Example: GP Inference
Applying the General-Gauss-Newton (GGN) approximation to the Hessian in the Laplace approximation (LA) of the BNN posterior turns the underlying probabilistic model from a BNN into a generalized linear model (GLM). This GLM is equivalent to a Gaussian Process (GP) with a particular kernel [1, 2].
In this notebook, we will show how to use laplace
library to perform GP inference on top of a pre-trained neural network.
Note that a GPU with CUDA support is needed for this example. We recommend using a GPU with at least 24 GB of memory. If less memory is available, we suggest reducing BATCH_SIZE
below.
Data loading#
First, let us load the FMIST dataset. The helper scripts for FMNIST and pre-trained CNN are available in the examples/helper
directory in the main repository.
import numpy as np
import torch
from torch.utils.data import DataLoader
import torch.distributions as dists
from netcal.metrics import ECE
from helper.util_gp import get_dataset, CIFAR10Net
from laplace import Laplace
np.random.seed(7777)
torch.manual_seed(7777)
torch.backends.cudnn.deterministic = True
torch.backends.cudnn.benchmark = True
assert torch.cuda.is_available()
DATASET = 'FMNIST'
BATCH_SIZE = 256
ds_train, ds_test = get_dataset(DATASET, False, 'cuda')
train_loader = DataLoader(ds_train, batch_size=BATCH_SIZE, shuffle=True)
test_loader = DataLoader(ds_test, batch_size=BATCH_SIZE, shuffle=False)
targets = torch.cat([y for x, y in test_loader], dim=0).cpu()
Load a pre-trained model#
Next, we load a pre-trained CNN model. The code to train the model can be found in BNN-predictions repo.

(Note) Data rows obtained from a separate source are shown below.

(* Let $n\ge1$, $k\in\{1,\ldots,n\}$, and let $f\in L^2([0,1]^n)$ be such that the derivative $D_{(k)}f$ of $f$ in the direction $(k)$ exists and is continuous and integrable on $\bigcup_{\pi\in S_n}[0,1]^n_\pi$. Then $$I(f,k)=\int_{[0,1]^n}h_k(\mathbf{x})\,D_{(k)}f(\mathbf{x})\,d\mathbf{x},$$ where $h_k(\mathbf{x})=(n+1)(n+2)\,(x_{(k+1)}-x_{(k)})(x_{(k)}-x_{(k-1)})$.
   Context: $L^2([0,1]^n)$ is the space of square integrable real functions on $[0,1]^n$ modulo equality almost everywhere. For $\mathbf{x}\in[0,1]^n$, $x_{(1)}\le\cdots\le x_{(n)}$ are its coordinates in ascending order, with $x_{(0)}=0$, $x_{(n+1)}=1$. The influence index is $I(f,k)=-(n+1)(n+2)\int_{[0,1]^n}f(\mathbf{x})\,\big(x_{(k+1)}-2x_{(k)}+x_{(k-1)}\big)\,d\mathbf{x}$. $S_n$ is the symmetric group on $\{1,\ldots,n\}$ and, for $\pi\in S_n$, $[0,1]^n_\pi=\{\mathbf{x}\in[0,1]^n: x_{\pi(1)}<\cdots<x_{\pi(n)}\}$. If for every $\pi\in S_n$ the partial derivative $D_{\pi(k)}(f|_{[0,1]^n_\pi})$ exists, the derivative of $f$ in the direction $(k)$ is the function $D_{(k)}f$ on $\bigcup_{\pi}[0,1]^n_\pi$ given by $D_{(k)}f(\mathbf{x})=D_{\pi(k)}f(\mathbf{x})$ for $\mathbf{x}\in[0,1]^n_\pi$. *)

theory Defs
  imports "HOL-Analysis.Analysis" "HOL-Library.Multiset"
begin

text \<open>Points of [0,1]^n are vectors of type real^'n, with n = CARD('n).\<close>

definition unit_cube :: "(real^'n::finite) set" where
  "unit_cube = cbox 0 One"

definition ord_stat :: "real^'n::finite \<Rightarrow> nat \<Rightarrow> real" where
  "ord_stat x j =
     (if j = 0 then 0
      else if j > CARD('n) then 1
      else sorted_list_of_multiset (image_mset (\<lambda>i. x $ i) (mset_set UNIV)) ! (j - 1))"

definition influence :: "(real^'n::finite \<Rightarrow> real) \<Rightarrow> nat \<Rightarrow> real" where
  "influence f k =
     - (real CARD('n) + 1) * (real CARD('n) + 2) *
       integral unit_cube (\<lambda>x. f x * (ord_stat x (k + 1) - 2 * ord_stat x k + ord_stat x (k - 1)))"

definition perms :: "(nat \<Rightarrow> 'n::finite) set" where
  "perms = {\<pi>. bij_betw \<pi> {1..CARD('n)} UNIV}"

definition perm_region :: "(nat \<Rightarrow> 'n::finite) \<Rightarrow> (real^'n) set" where
  "perm_region \<pi> = {x \<in> unit_cube.
      \<forall>i j. 1 \<le> i \<longrightarrow> i < j \<longrightarrow> j \<le> CARD('n) \<longrightarrow> x $ (\<pi> i) < x $ (\<pi> j)}"

definition union_regions :: "(real^'n::finite) set" where
  "union_regions = (\<Union>\<pi>\<in>perms. perm_region \<pi>)"

definition has_partial_within ::
    "(real^'n::finite \<Rightarrow> real) \<Rightarrow> (real^'n) set \<Rightarrow> 'n \<Rightarrow> real^'n \<Rightarrow> real \<Rightarrow> bool" where
  "has_partial_within f S i x d \<longleftrightarrow>
     ((\<lambda>t. f (x + t *\<^sub>R axis i 1)) has_real_derivative d)
       (at 0 within {t. x + t *\<^sub>R axis i 1 \<in> S})"

definition dir_deriv_exists :: "(real^'n::finite \<Rightarrow> real) \<Rightarrow> nat \<Rightarrow> bool" where
  "dir_deriv_exists f k \<longleftrightarrow>
     (\<forall>\<pi>\<in>perms. \<forall>x\<in>perm_region \<pi>. \<exists>d. has_partial_within f (perm_region \<pi>) (\<pi> k) x d)"

definition dir_deriv :: "(real^'n::finite \<Rightarrow> real) \<Rightarrow> nat \<Rightarrow> real^'n \<Rightarrow> real" where
  "dir_deriv f k x =
     (THE d. \<exists>\<pi>\<in>perms. x \<in> perm_region \<pi> \<and> has_partial_within f (perm_region \<pi>) (\<pi> k) x d)"

definition h_weight :: "nat \<Rightarrow> real^'n::finite \<Rightarrow> real" where
  "h_weight k x = (real CARD('n) + 1) * (real CARD('n) + 2) *
     (ord_stat x (k + 1) - ord_stat x k) * (ord_stat x k - ord_stat x (k - 1))"

end

theory Submission
  imports Defs
begin

text \<open>Up to a null set the cube is the disjoint union of the regions \<open>[0,1]^n_\<pi>\<close>. On the region
  of \<open>\<pi>\<close> the order statistics \<open>x_(k-1), x_(k), x_(k+1)\<close> are \<open>a = x_\<pi>(k-1)\<close>, \<open>t = x_\<pi>(k)\<close>,
  \<open>b = x_\<pi>(k+1)\<close> (with \<open>a = 0\<close> if \<open>k = 1\<close> and \<open>b = 1\<close> if \<open>k = n\<close>), so up to the factor
  \<open>(n+1)(n+2)\<close> the weight \<open>h_k\<close> is \<open>(b - t)(t - a)\<close>, whose derivative in \<open>t\<close> is the weight
  \<open>b - 2t + a\<close> of \<open>I(f,k)\<close>. By Fubini it suffices to integrate along lines parallel to the
  \<open>\<pi>(k)\<close>-th axis. Such a line meets the region in an interval with end points \<open>a\<close> and \<open>b\<close>,
  where \<open>h_k\<close> vanishes, so integration by parts along it has no boundary terms.\<close>

lemma absolutely_integrable_continuous_mult:
  fixes w g :: "'a::euclidean_space \<Rightarrow> real"
  assumes "continuous_on K w" "compact K" "S \<subseteq> K" "S \<in> sets lebesgue"
    and "g absolutely_integrable_on S"
  shows "(\<lambda>x. w x * g x) absolutely_integrable_on S"
proof (rule absolutely_integrable_bounded_measurable_product[OF bilinear_times _ assms(4) _ assms(5)])
  show "w \<in> borel_measurable (lebesgue_on S)"
    using assms by (intro continuous_imp_measurable_on_sets_lebesgue) (auto intro: continuous_on_subset)
  show "bounded (w ` S)"
    using assms by (meson bounded_subset compact_continuous_image compact_imp_bounded image_mono)
qed

lemma absolutely_integrable_if_square_integrable:
  fixes f :: "'a::euclidean_space \<Rightarrow> real"
  assumes S: "S \<in> lmeasurable" and "f measurable_on S" and "(\<lambda>x. (f x)\<^sup>2) integrable_on S"
  shows "f absolutely_integrable_on S"
proof (rule measurable_bounded_by_integrable_imp_absolutely_integrable)
  show "S \<in> sets lebesgue" using S by auto
  then show "f \<in> borel_measurable (lebesgue_on S)"
    using assms(2) measurable_on_iff_borel_measurable by blast
  show "(\<lambda>x. 1 + (f x)\<^sup>2) integrable_on S"
    using S assms(3) by (intro integrable_add integrable_on_const)
  show "norm (f x) \<le> 1 + (f x)\<^sup>2" for x
    using zero_le_power2[of "\<bar>f x\<bar> - 1"] by (simp add: power2_eq_square algebra_simps)
qed

lemma lebesgue_integral_AE_eq_borel:
  fixes \<phi> h :: "'a::euclidean_space \<Rightarrow> real"
  assumes h: "h \<in> borel_measurable borel" "integrable lborel h" and ae: "AE x in lborel. \<phi> x = h x"
  shows "integrable lebesgue \<phi>" and "integral\<^sup>L lebesgue \<phi> = integral\<^sup>L lborel h"
proof -
  have h_leb: "h \<in> borel_measurable lebesgue" "integrable lebesgue h"
    using h by (auto simp: integrable_completion intro: measurable_completion)
  have ae_leb: "AE x in lebesgue. h x = \<phi> x"
    using AE_completion[OF ae] by (auto elim: eventually_mono)
  have "\<phi> \<in> borel_measurable lebesgue"
    by (rule borel_measurable_AE[OF h_leb(1) ae_leb])
  then show "integrable lebesgue \<phi>"
    using integrable_cong_AE_imp[OF h_leb(2) _ ae_leb] by blast
  have "integral\<^sup>L lebesgue \<phi> = integral\<^sup>L lebesgue h"
    using ae_leb by (intro integral_cong_AE) (auto simp: h_leb(1) \<open>\<phi> \<in> borel_measurable lebesgue\<close>)
  also have "\<dots> = integral\<^sup>L lborel h" using h by (simp add: integral_completion)
  finally show "integral\<^sup>L lebesgue \<phi> = integral\<^sup>L lborel h" .
qed

section \<open>Integration along lines parallel to a coordinate axis\<close>

definition vec_upd :: "'a^'n \<Rightarrow> 'n \<Rightarrow> 'a \<Rightarrow> 'a^'n" where
  "vec_upd x j t = (\<chi> i. if i = j then t else x $ i)"

lemma vec_upd_nth [simp]: "vec_upd x j t $ i = (if i = j then t else x $ i)"
  by (simp add: vec_upd_def)

lemma vec_upd_add_axis: "vec_upd y j t + s *\<^sub>R axis j 1 = vec_upd y j (t + s)"
  by (simp add: vec_eq_iff axis_def)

MODEL_NAME = 'FMNIST_CNN_10_2.2e+02.pt'
model = CIFAR10Net(ds_train.channels, ds_train.K, use_tanh=True).to('cuda')
state = torch.load(f'helper/models/{MODEL_NAME}')
model.load_state_dict(state['model'])
model = model.cuda()
prior_precision = state['delta']
To simplify the downstream tasks, we will use the following helper function to make predictions. It simply iterates through all minibatches and obtains the predictive probabilities of the FMNIST classes.
@torch.no_grad()
def predict(dataloader, model, laplace=False):
py = []
for x, _ in dataloader:
if laplace:
py.append(model(x.cuda()))
else:
py.append(torch.softmax(model(x.cuda()), dim=-1))

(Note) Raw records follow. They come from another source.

lemma lasq_on_solid_bochner_space:
  fixes V :: "('a \<Rightarrow> 'b::real_normed_vector) set"
  assumes "complete_measure M" and "LASQ TYPE('b)" and solid: "solid_bochner_space M V N"
  shows "lasq_on V N"
proof (rule lasq_onI_approx)
  fix x and \<epsilon> :: real assume "x \<in> V" "N x = 1" "0 < \<epsilon>" "\<epsilon> \<le> 1"
  have x: "bochner_measurable M x" using solid_bochner_spaceD(1)[OF solid \<open>x \<in> V\<close>] .
  have N_between: "h \<in> V \<and> a \<le> N h \<and> N h \<le> b"
    if "bochner_measurable M h" "0 \<le> a" "a \<le> b"
      "AE t in M. a * norm (x t) \<le> norm (h t) \<and> norm (h t) \<le> b * norm (x t)" for h a b
    using solid_bochner_space_between[OF solid \<open>x \<in> V\<close> that] \<open>N x = 1\<close> by simp
  obtain g where g: "bochner_measurable M g"
    and g_ae: "AE t in M. (1 - \<epsilon>) * norm (x t) \<le> norm (g t) \<and> norm (g t) \<le> norm (x t) \<and>
      (1 - \<epsilon>) * norm (x t) \<le> norm (x t + g t) \<and> norm (x t + g t) \<le> (1 + \<epsilon>) * norm (x t) \<and>
      (1 - \<epsilon>) * norm (x t) \<le> norm (x t - g t) \<and> norm (x t - g t) \<le> (1 + \<epsilon>) * norm (x t)"
    by (rule LASQ_measurable_witness[OF assms(1,2) x \<open>0 < \<epsilon>\<close> \<open>\<epsilon> \<le> 1\<close>]) blast
  have "g \<in> V \<and> 1 - \<epsilon> \<le> N g \<and> N g \<le> 1"
    using g_ae \<open>0 < \<epsilon>\<close> \<open>\<epsilon> \<le> 1\<close> by (intro N_between[OF g]) (auto elim: eventually_mono)
  moreover have "x + g \<in> V \<and> 1 - \<epsilon> \<le> N (x + g) \<and> N (x + g) \<le> 1 + \<epsilon>"
    unfolding plus_fun_def using g_ae \<open>0 < \<epsilon>\<close> \<open>\<epsilon> \<le> 1\<close>
    by (intro N_between[OF bochner_measurable_add[OF x g]]) (auto elim: eventually_mono)
  moreover have "x - g \<in> V \<and> 1 - \<epsilon> \<le> N (x - g) \<and> N (x - g) \<le> 1 + \<epsilon>"
    unfolding fun_diff_def using g_ae \<open>0 < \<epsilon>\<close> \<open>\<epsilon> \<le> 1\<close>
    by (intro N_between[OF bochner_measurable_diff[OF x g]]) (auto elim: eventually_mono)
  ultimately show "\<exists>y\<in>V. N y \<le> 1 \<and> 1 - \<epsilon> \<le> N y \<and> \<bar>N (x + y) - 1\<bar> \<le> \<epsilon> \<and> \<bar>N (x - y) - 1\<bar> \<le> \<epsilon>"
    by (auto simp: abs_diff_le_iff)
qed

return torch.cat(py).cpu().numpy()
The calibration of MAP#
We are now ready to see how calibrated is the model. The metrics we use are the expected calibration error (ECE, Naeni et al., AAAI 2015) and the negative (Categorical) log-likelihood. Note that lower values are better for both these metrics.
First, let us inspect the MAP model. We shall use the netcal
library to easily compute the ECE.
probs_map = predict(test_loader, model, laplace=False)
acc_map = (probs_map.argmax(-1) == targets).float().mean()
ece_map = ECE(bins=15).measure(probs_map.numpy(), targets.numpy())
nll_map = -dists.Categorical(probs_map).log_prob(targets).mean()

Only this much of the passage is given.